I’m attending, and have been attending, lots of live online virtual conferences and seminars this year, as so many others have.

What I’m finding especially frustrating today is that so many speakers aren’t adapting to what live online sessions offer. I’m in sessions where it’s just listening to people, there’s an empty, lonely chat window with nothing going on.

I’m not alone in these, I’m having multiple private conversations with people bemoaning these issues.

And the speaker says “I don’t know if X resonates with you” or similar. Well, of course you don’t, because you haven’t asked.

Webinars research report

Compounding that is this information from The State of Webinars 2020 report from Twentythree.net:

What I’m picking out from this is that people are using chat, polls and showcasing audience questions. But only between 52-60% of the time.

And only 30% of the time are people running webinars actually asking the audience questions.

Why wouldn’t you want to engage your audience more with whatever your message is? Why wouldn’t you want to ask them more questions, to understand their needs and tailor your messages?
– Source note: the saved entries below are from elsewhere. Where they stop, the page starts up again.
primrec ray_sigma :: "(real \<Rightarrow> real^3) \<Rightarrow> (real \<Rightarrow> real^3) \<Rightarrow> real \<Rightarrow> real \<Rightarrow> nat \<Rightarrow> real" where
  "ray_sigma x x' \<tau>1 R 0 = 0"
| "ray_sigma x x' \<tau>1 R (Suc t) = ray_sigma x x' \<tau>1 R t + ray_step x x' \<tau>1 R (ray_sigma x x' \<tau>1 R t)"

end

theory Submission
  imports Defs
begin

text \<open>
For a point A inside the ball and a unit vector d, the ray A + u d leaves the ball at
u = -(A.d) + sqrt ((A.d)^2 + R^2 - |A|^2). Let U(tau) be this exit distance for A = x(tau) and d
the unit tangent, and L(tau) the arclength. Under the central attraction x'' = -kappa x, with
v = |x'| and p = x.d,
  (L + U)' = kappa (|x|^2 - p^2) / v * (1 - p / sqrt (p^2 + R^2 - |x|^2)),
which is nonnegative by Cauchy-Schwarz and since p is smaller than the square root. At the first
exit time B the velocity points outwards, so U(B) = 0 and hence L + U <= L(B) on [0, B]: the
iteration sigma_(t+1) = L(tau_t) + U(tau_t) never overshoots L(B). Every step is at least
R - |x(tau_t)|, which stays bounded away from 0 while tau_t ranges over a compact part of [0, B),
so the increasing sequence sigma_t cannot stall below L(B).
\<close>

definition ray_exit_dist :: "real \<Rightarrow> 'a::real_inner \<Rightarrow> 'a \<Rightarrow> real" where
  "ray_exit_dist R A d = - (A \<bullet> d) + sqrt ((A \<bullet> d)\<^sup>2 + R\<^sup>2 - (norm A)\<^sup>2)"

lemma ray_exit_dist_iff:
  fixes A d :: "'a::real_inner"
  assumes A: "norm A < R" and d: "norm d = 1"
  shows "u \<ge> 0 \<and> norm (A + u *\<^sub>R d) = R \<longleftrightarrow> u = ray_exit_dist R A d"
proof -
  define p where "p = A \<bullet> d"
  define S where "S = sqrt (p\<^sup>2 + R\<^sup>2 - (norm A)\<^sup>2)"
  have inside: "(norm A)\<^sup>2 < R\<^sup>2"
    using A by (simp add: power_strict_mono)
  then have S2: "S\<^sup>2 = p\<^sup>2 + R\<^sup>2 - (norm A)\<^sup>2"
    unfolding S_def using zero_le_power2[of p] by (intro real_sqrt_pow2) linarith
  have "sqrt (p\<^sup>2) < S"
    unfolding S_def using inside by (intro real_sqrt_less_mono) linarith
  then have pS: "\<bar>p\<bar> < S"
    by simp
  have "d \<bullet> d = 1"
    using d by (simp add: power2_norm_eq_inner[symmetric])
  then have "(norm (A + u *\<^sub>R d))\<^sup>2 = (u + p)\<^sup>2 + R\<^sup>2 - S\<^sup>2"
    unfolding S2 p_def power2_norm_eq_inner
    by (simp add: inner_add_left inner_add_right inner_commute power2_eq_square algebra_simps)
  then have "norm (A + u *\<^sub>R d) = R \<longleftrightarrow> (u + p)\<^sup>2 = S\<^sup>2"
    using A by (smt (verit) norm_ge_zero power2_eq_iff_nonneg)
  also have "\<dots> \<longleftrightarrow> u = - p + S \<or> u = - p - S"
    by (auto simp: power2_eq_iff)
  finally show ?thesis
    using pS unfolding ray_exit_dist_def p_def[symmetric] S_def[symmetric] by auto
qed
lemma card_nbrs_filter_eq_degree_iff:
  "card {w \<in> nbrs V E x. P w} = degree x \<longleftrightarrow> (\<forall>w. E x w \<longrightarrow> P w)"
proof
  assume "card {w \<in> nbrs V E x. P w} = degree x"
  then have "{w \<in> nbrs V E x. P w} = nbrs V E x"
    unfolding degree_def by (intro card_subset_eq[OF finite_nbrs]) auto
  then show "\<forall>w. E x w \<longrightarrow> P w" using mem_nbrs_iff by blast
next
  assume "\<forall>w. E x w \<longrightarrow> P w"
  then have "{w \<in> nbrs V E x. P w} = nbrs V E x" using mem_nbrs_iff by blast
  then show "card {w \<in> nbrs V E x. P w} = degree x" unfolding degree_def by simp
qed

lemma degree_pos_if_edge: "E x w \<Longrightarrow> 0 < degree x"
  using card_nbrs_filter_pos_iff[of x "\<lambda>_. True"] unfolding degree_def by auto

lemma is_walk_snoc:
  assumes "is_walk V E xs" "E (last xs) w"
  shows "is_walk V E (xs @ [w])"
proof -
  have "xs \<noteq> []" using assms(1) is_walk_def by blast
  have "E ((xs @ [w]) ! i) ((xs @ [w]) ! Suc i)" if "Suc i < length (xs @ [w])" for i
  proof (cases "Suc i < length xs")
    case True
    then show ?thesis using assms(1) unfolding is_walk_def by (simp add: nth_append)
  next
    case False
    then have "i = length xs - 1" using that by simp
    then show ?thesis using assms(2) \<open>xs \<noteq> []\<close> by (simp add: nth_append last_conv_nth)
  qed
  then show ?thesis using assms edge_in_V unfolding is_walk_def by auto
qed

lemma is_walk_butlast:
  assumes "is_walk V E xs" "2 \<le> length xs"
  shows "is_walk V E (butlast xs)"
proof -
  have "butlast xs \<noteq> []" using assms(2) by (cases xs) auto
  then show ?thesis using assms(1) unfolding is_walk_def
    by (auto simp: nth_butlast dest: in_set_butlastD)
qed

lemma is_walk_ConsD:
  assumes "is_walk V E (x # xs)" "xs \<noteq> []"
  shows "E x (hd xs) \<and> is_walk V E xs"
proof -
  have "E ((x # xs) ! 0) ((x # xs) ! Suc 0)"
    using assms unfolding is_walk_def by (metis length_Cons length_greater_0_conv not_less_eq)
  then show ?thesis using assms unfolding is_walk_def by (auto simp: hd_conv_nth)
qed

lemma is_walk_parity:
  assumes bipartition: "\<forall>u w. E u w \<longrightarrow> (u \<in> A \<longleftrightarrow> w \<notin> A)"
  shows "is_walk V E xs \<Longrightarrow> (hd xs \<in> A \<longleftrightarrow> last xs \<in> A) \<longleftrightarrow> odd (length xs)"
proof (induction xs)
  case Nil
  then show ?case by (simp add: is_walk_def)
next
  case (Cons x xs)
  show ?case
  proof (cases "xs = []")
    case False
    with is_walk_ConsD Cons.prems have "E x (hd xs)" "is_walk V E xs" by blast+
    with Cons.IH bipartition False show ?thesis by auto
  qed simp
qed

definition magnitude_step :: "('a \<Rightarrow> nat) \<Rightarrow> 'a \<Rightarrow> nat" where
  "magnitude_step a x =
     (if x \<notin> V then 0
      else if 0 < a x then degree x - a x
      else card {w \<in> nbrs V E x. 0 < a w})"

lemma magnitude_step_le_degree: "magnitude_step a x \<le> degree x"
  unfolding magnitude_step_def using card_nbrs_filter_le_degree by auto

lemma magnitude_step_outside: "x \<notin> V \<Longrightarrow> magnitude_step a x = 0"
  unfolding magnitude_step_def by simp

lemma magnitude_step_saturated_nbr:
  assumes saturated: "magnitude_step a x = degree x" and edge: "E x w"
  shows "magnitude_step a w < degree w"
proof -
  have "x \<in> V" "w \<in> V" using edge_in_V[OF edge] by blast+
  have "0 < degree x" "0 < degree w"
    using degree_pos_if_edge[OF edge] degree_pos_if_edge[OF edge_sym[OF edge]] .
  then have "a x = 0"
    using saturated \<open>x \<in> V\<close> unfolding magnitude_step_def by (simp split: if_splits)
  then have "card {u \<in> nbrs V E x. 0 < a u} = degree x"
    using saturated \<open>x \<in> V\<close> unfolding magnitude_step_def by simp
  then have "0 < a w" using card_nbrs_filter_eq_degree_iff[of x "\<lambda>u. 0 < a u"] edge by blast
  then show ?thesis using \<open>w \<in> V\<close> \<open>0 < degree w\<close> unfolding magnitude_step_def by simp
qed

lemma diffusion_step_uminus: "diffusion_step V E (- c) = - diffusion_step V E c"
  by (auto simp: diffusion_step_def)

lemma diffusion_step_alternating_pos:
  assumes alternating: "\<And>x w. E x w \<Longrightarrow> \<sigma> w = - \<sigma> x"
    and "x \<in> V" "\<sigma> x = 1" "a x \<le> degree x"
  shows "diffusion_step V E (\<lambda>y. \<sigma> y * int (a y)) x = - int (magnitude_step a x)"
proof -
  define c where "c = (\<lambda>y. \<sigma> y * int (a y))"
  have nbr: "c w = - int (a w)" if "w \<in> nbrs V E x" for w
    using alternating[of x w] that \<open>\<sigma> x = 1\<close> mem_nbrs_iff unfolding c_def by simp
  have cx: "c x = int (a x)" using \<open>\<sigma> x = 1\<close> unfolding c_def by simp
  have lower: "{w \<in> nbrs V E x. c x > c w} = {w \<in> nbrs V E x. 0 < a x + a w}"
    and upper: "{w \<in> nbrs V E x. c x < c w} = {}"
    using nbr cx by auto
  have "diffusion_step V E c x
      = c x - int (card {w \<in> nbrs V E x. c x > c w}) + int (card {w \<in> nbrs V E x. c x < c w})"
    using \<open>x \<in> V\<close> by (simp add: diffusion_step_def)
  then have step: "diffusion_step V E c x = int (a x) - int (card {w \<in> nbrs V E x. 0 < a x + a w})"
    unfolding lower upper by (simp add: cx)
  show ?thesis
  proof (cases "0 < a x")
    case True
    then have "{w \<in> nbrs V E x. 0 < a x + a w} = nbrs V E x" by auto
    then show ?thesis using True step \<open>x \<in> V\<close> \<open>a x \<le> degree x\<close>
      by (simp add: magnitude_step_def degree_def of_nat_diff flip: c_def)
  next
    case False
    then show ?thesis using step \<open>x \<in> V\<close> by (simp add: magnitude_step_def flip: c_def)
  qed
qed

lemma diffusion_step_alternating:
  assumes alternating: "\<And>x w. E x w \<Longrightarrow> \<sigma> w = - \<sigma> x"
    and unit: "\<And>x. \<sigma> x = 1 \<or> \<sigma> x = -1"
    and bounded: "\<And>x. x \<in> V \<Longrightarrow> a x \<le> degree x"
    and outside: "\<And>x. x \<notin> V \<Longrightarrow> a x = 0"
  shows "diffusion_step V E (\<lambda>x. \<sigma> x * int (a x)) = (\<lambda>x. - \<sigma> x * int (magnitude_step a x))"
proof
  fix x
  consider "x \<notin> V" | "x \<in> V" "\<sigma> x = 1" | "x \<in> V" "\<sigma> x = -1" using unit by blast
  then show "diffusion_step V E (\<lambda>x. \<sigma> x * int (a x)) x = - \<sigma> x * int (magnitude_step a x)"
  proof cases
    case 1
    then show ?thesis using outside by (simp add: diffusion_step_def magnitude_step_outside)
  next
    case 2
    then show ?thesis using diffusion_step_alternating_pos[OF alternating] bounded by simp
  next
    case 3
    have "(\<lambda>y. \<sigma> y * int (a y)) = - (\<lambda>y. - \<sigma> y * int (a y))" by auto
    moreover have "diffusion_step V E (\<lambda>y. - \<sigma> y * int (a y)) x = - int (magnitude_step a x)"
      using 3 bounded by (intro diffusion_step_alternating_pos) (auto dest: alternating)
    ultimately show ?thesis using 3 by (simp add: diffusion_step_uminus)
  qed
qed

end

locale connected_simple_graph = finite_simple_graph +
  assumes connected: "connected_graph V E"
begin

lemma gdist_walk:
  assumes "u \<in> V" "x \<in> V"
  obtains xs where "is_walk V E xs" "hd xs = u" "last xs = x" "length xs = Suc (gdist V E u x)"
proof -
  obtain xs where "is_walk V E xs" "hd xs = u" "last xs = x"
    using connected assms unfolding connected_graph_def by blast
  then have "\<exists>n xs. is_walk V E xs \<and> hd xs = u \<and> last xs = x \<and> length xs = Suc n"
    by (metis is_walk_def length_greater_0_conv Suc_pred)
  from LeastI_ex[OF this] show ?thesis
    using that unfolding gdist_def by blast
qed

lemma gdist_le:
  "is_walk V E xs \<Longrightarrow> hd xs = u \<Longrightarrow> last xs = x \<Longrightarrow> length xs = Suc n \<Longrightarrow> gdist V E u x \<le> n"
  unfolding gdist_def by (rule Least_le) blast

lemma gdist_self: "u \<in> V \<Longrightarrow> gdist V E u u = 0"
  using gdist_le[of "[u]" u u 0] by (simp add: is_walk_def)

lemma gdist_eq_0_iff:
  assumes "u \<in> V" "x \<in> V"
  shows "gdist V E u x = 0 \<longleftrightarrow> x = u"
proof
  assume "gdist V E u x = 0"
  with gdist_walk[OF assms] obtain xs where "hd xs = u" "last xs = x" "length xs = 1"
    by (metis One_nat_def)
  then show "x = u" by (metis hd_conv_nth last_conv_nth list.size(3) zero_neq_one diff_self_eq_0)
qed (use gdist_self assms in simp)

lemma gdist_edge_le:
  assumes "u \<in> V" "E x w"
  shows "gdist V E u w \<le> Suc (gdist V E u x)"
proof -
  obtain xs where xs: "is_walk V E xs" "hd xs = u" "last xs = x" "length xs = Suc (gdist V E u x)"
    using gdist_walk assms edge_in_V by blast
  then have "is_walk V E (xs @ [w])" using is_walk_snoc assms(2) by simp
  moreover have "hd (xs @ [w]) = u" using xs by (simp add: is_walk_def)
  ultimately show ?thesis using gdist_le[of "xs @ [w]" u w] xs by simp
qed

lemma gdist_SucE:
  assumes "u \<in> V" "x \<in> V" "gdist V E u x = Suc k"
  obtains w where "E w x" "gdist V E u w = k"
proof -
  obtain xs where xs: "is_walk V E xs" "hd xs = u" "last xs = x" "length xs = Suc (Suc k)"
    using gdist_walk assms by metis
  define ys where "ys = butlast xs"
  have ys: "is_walk V E ys" "hd ys = u" "length ys = Suc k"
    using xs is_walk_butlast[of xs] unfolding ys_def by (simp_all add: butlast_conv_take hd_take)
  have "ys \<noteq> []" using ys(3) by auto
  then have "last ys = xs ! k" using ys(3) by (simp add: last_conv_nth ys_def nth_butlast)
  moreover have "x = xs ! Suc k"
    using xs(3,4) by (metis last_conv_nth list.size(3) Zero_not_Suc diff_Suc_1)
  ultimately have edge: "E (last ys) x" using xs unfolding is_walk_def by simp
  have "gdist V E u (last ys) \<le> k" using gdist_le[OF ys(1,2) refl ys(3)] .
  moreover have "Suc k \<le> Suc (gdist V E u (last ys))"
    using gdist_edge_le[OF assms(1) edge] assms(3) by simp
  ultimately show ?thesis using that edge by simp
qed

lemma gdist_attains_below:
  assumes "u \<in> V" "x \<in> V" "k \<le> gdist V E u x"
  shows "\<exists>y\<in>V. gdist V E u y = k"
  using assms(2,3)
proof (induction "gdist V E u x" arbitrary: x)
  case 0
  then show ?case by auto
next
  case (Suc n)
  show ?case
  proof (cases "k = Suc n")
    case False
    obtain w where "E w x" "gdist V E u w = n"
      using gdist_SucE assms(1) Suc by metis
    moreover have "w \<in> V" using edge_in_V \<open>E w x\<close> by blast
    ultimately show ?thesis using Suc False by auto
  qed (use Suc in auto)
qed

lemma gdist_parity:
  assumes bipartition: "\<forall>u w. E u w \<longrightarrow> (u \<in> A \<longleftrightarrow> w \<notin> A)" and "u \<in> V" "x \<in> V"
  shows "(u \<in> A \<longleftrightarrow> x \<in> A) \<longleftrightarrow> even (gdist V E u x)"
proof -
  obtain xs where "is_walk V E xs" "hd xs = u" "last xs = x" "length xs = Suc (gdist V E u x)"
    using gdist_walk assms(2,3) .
  then show ?thesis using is_walk_parity[OF bipartition, of xs] by simp
qed

lemma gdist_edge:
  assumes "bipartite_graph V E" "u \<in> V" "E x w"
  shows "gdist V E u w = Suc (gdist V E u x) \<or> gdist V E u x = Suc (gdist V E u w)"
proof -
  obtain A where bipartition: "\<forall>u w. E u w \<longrightarrow> (u \<in> A \<longleftrightarrow> w \<notin> A)"
    using assms(1) unfolding bipartite_graph_def by blast
  have "x \<in> V" "w \<in> V" using edge_in_V assms(3) by blast+
  then have "gdist V E u x \<noteq> gdist V E u w"
    using gdist_parity[OF bipartition assms(2)] bipartition assms(3) by metis
  moreover have "gdist V E u w \<le> Suc (gdist V E u x)" "gdist V E u x \<le> Suc (gdist V E u w)"
    using gdist_edge_le[OF assms(2,3)] gdist_edge_le[OF assms(2) edge_sym[OF assms(3)]] by simp_all
  ultimately show ?thesis by linarith
qed

lemma exists_nbr:
  assumes "2 \<le> card V" "x \<in> V"
  obtains w where "E x w"
proof -
  have "\<not> V \<subseteq> {x}"
    using assms(1) card_mono[of "{x}" V] by auto
  then obtain y where "y \<in> V" "y \<noteq> x" by blast
  then obtain k where "gdist V E y x = Suc k"
    using gdist_eq_0_iff[OF _ assms(2)] by (cases "gdist V E y x") auto
  then obtain w where "E w x"
    using gdist_SucE \<open>y \<in> V\<close> assms(2) by blast
  then show ?thesis using that[OF edge_sym] by blast
qed

lemma gdist_le_eccentricity: "x \<in> V \<Longrightarrow> gdist V E u x \<le> eccentricity V E u"
  unfolding eccentricity_def using finite_V by (intro Max_ge) auto

lemma eccentricity_attained:
  assumes "V \<noteq> {}"
  obtains y where "y \<in> V" "gdist V E u y = eccentricity V E u"
proof -
  have "eccentricity V E u \<in> gdist V E u ` V"
    unfolding eccentricity_def using finite_V assms by (intro Max_in) blast+
  then obtain y where "y \<in> V" "eccentricity V E u = gdist V E u y" by blast
  then show ?thesis using that by simp
qed

end

locale mill_pond_diffusion = connected_simple_graph +
  fixes v :: 'a
  assumes bipartite: "bipartite_graph V E" and two_vertices: "2 \<le> card V" and v_in_V: "v \<in> V"
begin

abbreviation level :: "'a \<Rightarrow> nat" where
  "level x \<equiv> gdist V E v x"

definition wave :: "nat \<Rightarrow> 'a \<Rightarrow> nat" where
  "wave t = (magnitude_step ^^ t) (\<lambda>x. if x = v then 1 else 0)"

lemma wave_0: "wave 0 x = (if x = v then 1 else 0)"
  by (simp add: wave_def)

lemma wave_Suc: "wave (Suc t) = magnitude_step (wave t)"
  by (simp add: wave_def)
Why not involved everyone together so they don’t get bored, write a blog about it, and tune you out?

Why?

2 Comments

  1. Sigh. This must really wind you up Jo! it’s a pity that there’s so little questioning to get attendees actively participating. It can be via polls, chat, using annotation tools, or simply letting people speak. I became aware of an over-reliance on the chat channel at first, but now use different ways to get people involved.

    1. It winds me up enough to write blogs about it! 😀

      When at a conference with a few hundred faces, it’s hard to engage people, but live online is built for it!